Je connais par exemple une personne qui a subi un viol étant plus jeune. Elle a réussi, grâce à un travail thérapeutique profond, à surmonter ce traumatisme. De son côté, sa mère, des années plus tard, continuer de clamer qu’elle est traumatisée par le viol de son enfant et justifie par là son incapacité à se sortir de ses propres difficultés.


Enfin, il peut arriver tout simplement que les personnes concernées ne soient plus vivantes ou plus en état d’écouter.


Le souci extrême de certains thérapeutes de ne pas désigner de coupable et de rappeler que les parents ou figures d’autorité ont fait comme ils ont pu a souvent pour effet pervers de priver la personne en souffrance de l’opportunité de vivre sainement et pleinement sa colère et sa tristesse.

Elle les traîne alors comme des boulets, parfois jusqu’à un âge avancé de sa vie, sans parvenir à comprendre ce qui peut bien déconner chez elle.


Refuser de parler du passé sous prétexte qu’on n’a pas à chercher de coupable et que chacun a fait de son mieux, c’est passer à côté d’une chose essentielle : on a, paradoxalement, pas besoin d’être entendue par LA ou LES personnes incriminées pour réparer sa blessure. Sauf quand cette ou ces personnes font partie de notre présent et qu’on tient à ce qu’elles y restent. Et encore.


Ce dont ont besoin les personnes hantées par leur passé, ce n’est pas que le « coupable fasse repentance » : cela ne soulagerait personne.

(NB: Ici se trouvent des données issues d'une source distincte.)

lemma monomial_sum_coeff_eq_0_if_low_weight:
  assumes "finite S"
    and bound: "\<And>x y z w t. 0 < t \<Longrightarrow> t \<le> 1 \<Longrightarrow>
      \<bar>monomial_sum S C (t^p * x) (t^q * y) (t^r * z) (t^s * w)\<bar> \<le> M x y z w * t^k"
    and "(a, b, c, d) \<in> S" and low: "p*a + q*b + r*c + s*d < k"
  shows "C a b c d = 0"
proof -
  define wt where "wt a b c d = p*a + q*b + r*c + s*d" for a b c d
  define N where "N = Max ((\<lambda>(a, b, c, d). wt a b c d) ` S)"
  define part where "part j a b c d = (if wt a b c d = j then C a b c d else 0)" for j a b c d
  have le_N: "wt a b c d \<le> N" if "(a, b, c, d) \<in> S" for a b c d
    unfolding N_def using \<open>finite S\<close> that
    by (metis (no_types, lifting) Max_ge finite_imageI image_eqI case_prod_conv)
  have "monomial_sum S (part (wt a b c d)) x y z w = 0" for x y z w
  proof (rule coeff_eq_0_if_bounded_by_power)
    fix t :: real assume "0 < t" "t \<le> 1"
    have "monomial_sum S C (t^p * x) (t^q * y) (t^r * z) (t^s * w) =
        (\<Sum>j\<le>N. monomial_sum S (part j) x y z w * t^j)"
      unfolding part_def wt_def by (rule monomial_sum_scaled[OF \<open>finite S\<close>]) (use le_N in \<open>simp add: wt_def\<close>)
    then show "\<bar>\<Sum>j\<le>N. monomial_sum S (part j) x y z w * t^j\<bar> \<le> M x y z w * t^k"
      using bound[OF \<open>0 < t\<close> \<open>t \<le> 1\<close>, of x y z w] by simp
  qed (use low le_N \<open>(a, b, c, d) \<in> S\<close> in \<open>auto simp: wt_def\<close>)
  then have "part (wt a b c d) a b c d = 0"
    by (rule monomial_sum_eq_0_imp_coeff_eq_0[OF \<open>finite S\<close> _ \<open>(a, b, c, d) \<in> S\<close>])
  then show ?thesis
    by (simp add: part_def)
qed

lemma scaled_monomial_has_derivative:
  "((\<lambda>t. e * (t^p * x)^a * (t^q * y)^b * (t^r * z)^c * (t^s * w)^d) has_real_derivative
     of_nat (p*a + q*b + r*c + s*d) * e * x^a * y^b * z^c * w^d) (at 1)"
proof -
  have "(\<lambda>t. e * (t^p * x)^a * (t^q * y)^b * (t^r * z)^c * (t^s * w)^d) =
      (\<lambda>t. e * x^a * y^b * z^c * w^d * t^(p*a + q*b + r*c + s*d))"
    by (simp add: fun_eq_iff power_mult_distrib power_add power_mult[symmetric] mult_ac)
  moreover have "((\<lambda>t. e * x^a * y^b * z^c * w^d * t^(p*a + q*b + r*c + s*d)) has_real_derivative
      e * x^a * y^b * z^c * w^d * of_nat (p*a + q*b + r*c + s*d)) (at 1)"
    using DERIV_cmult[OF DERIV_pow[of "p*a + q*b + r*c + s*d" 1]] by simp
  ultimately show ?thesis
    by (simp add: mult_ac)
qed

lemma monomial_sum_scaled_has_derivative:
  "((\<lambda>t. monomial_sum S C (t^p * x) (t^q * y) (t^r * z) (t^s * w)) has_real_derivative
     monomial_sum S (\<lambda>a b c d. of_nat (p*a + q*b + r*c + s*d) * C a b c d) x y z w) (at 1)"
  unfolding monomial_sum_def split_def
  by (intro DERIV_sum scaled_monomial_has_derivative)

lemma nonneg_monomial_sum_critical:
  assumes nonneg: "\<And>x y z w. 0 \<le> monomial_sum S C x y z w"
    and zero: "monomial_sum S C x y z w = 0"
  shows "monomial_sum S (\<lambda>a b c d. of_nat (p*a + q*b + r*c + s*d) * C a b c d) x y z w = 0"
  by (rule DERIV_local_min[OF monomial_sum_scaled_has_derivative zero_less_one]) (simp add: zero nonneg)

lemma sum_signs_power: "(\<Sum>x\<in>{-1, 1::real}. x^n) = (if even n then 2 else 0)"
  by simp

lemma sign_sum_monomial_sum:
  "(\<Sum>x\<in>{-1, 1}. \<Sum>y\<in>{-1, 1}. \<Sum>z\<in>{-1, 1}. x^i * y^j * z^k * monomial_sum S C x y z 1) =
     8 * (\<Sum>(a, b, c, d)\<in>S. if even (a + i) \<and> even (b + j) \<and> even (c + k) then C a b c d else 0)"
proof -
  have "(\<Sum>x\<in>{-1, 1}. \<Sum>y\<in>{-1, 1}. \<Sum>z\<in>{-1, 1}. x^i * y^j * z^k * monomial_sum S C x y z 1) =
      (\<Sum>(a, b, c, d)\<in>S. C a b c d *
         ((\<Sum>x\<in>{-1, 1::real}. x^(a + i)) * (\<Sum>y\<in>{-1, 1::real}. y^(b + j)) * (\<Sum>z\<in>{-1, 1::real}. z^(c + k))))"
    unfolding monomial_sum_def sum_distrib_left
    by (simp add: sum.distrib[symmetric] split_def algebra_simps power_add)
  also have "\<dots> = 8 * (\<Sum>(a, b, c, d)\<in>S. if even (a + i) \<and> even (b + j) \<and> even (c + k) then C a b c d else 0)"
    unfolding sum_signs_power sum_distrib_left by (intro sum.cong refl) (auto simp: split_def)
  finally show ?thesis .
qed

lemma O41'_nonneg: "0 \<le> O41' x y z w"
proof -
  define P Q R where "P = root 3 (x^2)" and "Q = root 3 (y^2)" and "R = root 3 (z^2)"
  define A B where "A = w^2" and "B = P * Q * R"
  have "P \<ge> 0" "Q \<ge> 0" "R \<ge> 0"
    unfolding P_def Q_def R_def by simp_all
  have cubes: "x^2 = P^3" "y^2 = Q^3" "z^2 = R^3"
    unfolding P_def Q_def R_def by (simp_all add: real_root_pow_pos2)
  have "O41' x y z w = A^4 + (x^2)^2 * y^2 * z^2 + (y^2)^2 * x^2 * z^2 + (z^2)^2 * x^2 * y^2 - 4 * x^2 * y^2 * z^2 * A"
    unfolding O41'_def A_def by (simp flip: power_mult)
  also have "\<dots> = A^4 + (P^3)^2 * Q^3 * R^3 + (Q^3)^2 * P^3 * R^3 + (R^3)^2 * P^3 * Q^3 - 4 * P^3 * Q^3 * R^3 * A"
    unfolding cubes ..
  also have "\<dots> = (A - B)^2 * ((A + B)^2 + 2 * B^2) + B^3 * (P + Q + R) * ((P - Q)^2 + (Q - R)^2 + (R - P)^2) / 2"
    unfolding B_def by (simp add: field_simps power2_eq_square power3_eq_cube power4_eq_xxxx)
  finally show ?thesis
    using \<open>P \<ge> 0\<close> \<open>Q \<ge> 0\<close> \<open>R \<ge> 0\<close> by (simp add: B_def)
qed

lemma O41'_eq_monomial_sum:
  "O41' = monomial_sum {(0,0,0,8), (4,2,2,0), (2,4,2,0), (2,2,4,0), (2,2,2,2)}
     (\<lambda>a b c d. if (a, b, c, d) = (2,2,2,2) then -4 else 1)"
  by (simp add: fun_eq_iff O41'_def monomial_sum_def algebra_simps)

lemma is_form4_O41': "is_form4 8 O41'"
  unfolding O41'_eq_monomial_sum by (rule is_form4_monomial_sum) (simp add: monomials_def)

lemma O41'_swap_xy: "O41' x y z w = O41' y x z w"
  and O41'_swap_xz: "O41' x y z w = O41' z y x w"
  unfolding O41'_def by (simp_all add: algebra_simps)

lemma O41'_scaled_x_le:
  assumes "0 < t" "t \<le> 1"
  shows "O41' (t^4 * x) y z (t * w) \<le> (w^8 + x^2 * y^2 * z^2 * (x^2 + y^2 + z^2)) * t^8"
proof -
  have "t^16 * (x^4 * y^2 * z^2) \<le> t^8 * (x^4 * y^2 * z^2)"
    using assms by (intro mult_right_mono power_decreasing) auto
  moreover have "0 \<le> t^10 * (x^2 * y^2 * z^2 * w^2)"
    using assms by simp
  moreover have "O41' (t^4 * x) y z (t * w) = t^8 * w^8 + t^16 * (x^4 * y^2 * z^2) + t^8 * (y^4 * x^2 * z^2)
      + t^8 * (z^4 * x^2 * y^2) - 4 * (t^10 * (x^2 * y^2 * z^2 * w^2))"
    unfolding O41'_def by (simp add: power_mult_distrib power_mult[symmetric] algebra_simps)
  moreover have "(w^8 + x^2 * y^2 * z^2 * (x^2 + y^2 + z^2)) * t^8 =
      t^8 * w^8 + t^8 * (x^4 * y^2 * z^2) + t^8 * (y^4 * x^2 * z^2) + t^8 * (z^4 * x^2 * y^2)"
    by (simp add: algebra_simps flip: power_add)
  ultimately show ?thesis
    by linarith
qed

lemma O41'_scaled_le:
  assumes "0 < t" "t \<le> 1"
  shows "O41' (t^4 * x) y z (t * w) \<le> (w^8 + x^2 * y^2 * z^2 * (x^2 + y^2 + z^2)) * t^8"
    and "O41' x (t^4 * y) z (t * w) \<le> (w^8 + x^2 * y^2 * z^2 * (x^2 + y^2 + z^2)) * t^8"
    and "O41' x y (t^4 * z) (t * w) \<le> (w^8 + x^2 * y^2 * z^2 * (x^2 + y^2 + z^2)) * t^8"
proof -
  show "O41' (t^4 * x) y z (t * w) \<le> (w^8 + x^2 * y^2 * z^2 * (x^2 + y^2 + z^2)) * t^8"
    using O41'_scaled_x_le[OF assms] .
  have "O41' x (t^4 * y) z (t * w) \<le> (w^8 + y^2 * x^2 * z^2 * (y^2 + x^2 + z^2)) * t^8"
    using O41'_scaled_x_le[OF assms] O41'_swap_xy by metis
  then show "O41' x (t^4 * y) z (t * w) \<le> (w^8 + x^2 * y^2 * z^2 * (x^2 + y^2 + z^2)) * t^8"
    by (simp only: ac_simps)
  have "O41' x y (t^4 * z) (t * w) \<le> (w^8 + z^2 * y^2 * x^2 * (z^2 + y^2 + x^2)) * t^8"
    using O41'_scaled_x_le[OF assms] O41'_swap_xz by metis
  then show "O41' x y (t^4 * z) (t * w) \<le> (w^8 + x^2 * y^2 * z^2 * (x^2 + y^2 + z^2)) * t^8"
    by (simp only: ac_simps)
qed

Elles ont besoin d’être entendues et reconnues. Qu’on leur dise :  » Oui, tu as raison. Tu as beaucoup souffert. j’aurais dû être là pour toi, j’aurais dû te protéger. Je suis désolée. Je t’aime. »


Et si cela ne peut venir des personnes à l’origine du traumatisme, il y a d’autres moyens de recevoir ce message (les thérapeutes ont à leur disposition des outils pour cela).


Un blocage qu’on traîne depuis des années peut être résolu en quelques séances, beaucoup plus vite qu’on ne le pense, à condition qu’on apporte à la personne ce dont elle a besoin :

  • la reconnaissance intégrale de sa souffrance, sans « oui mais », sans « c’est le passé », sans « ils ont fait comme ils ont pu »
  • la possibilité de s’exprimer pleinement et de laisser libre cours à sa colère, sans censure
  • l’espace pour tirer des conclusions constructives de cette expérience, lorsque la personne y est prête et pas avant.

Refuser catégoriquement de prendre en compte le passé, c’est maintenir la personne dans ses blocages, la laisser rejouer le scénario indéfiniment et la priver de l’opportunité d’évoluer.

On ne peut commander l’apaisement à l’égard du passé, qui ne peut survenir qu’à condition que l’on ait pu dire tout ce qu’on avait à dire.

Au thérapeute de démêler ce qui relève de souffrances passées non traitées ou d’une complaisance dans des mécanismes paralysants.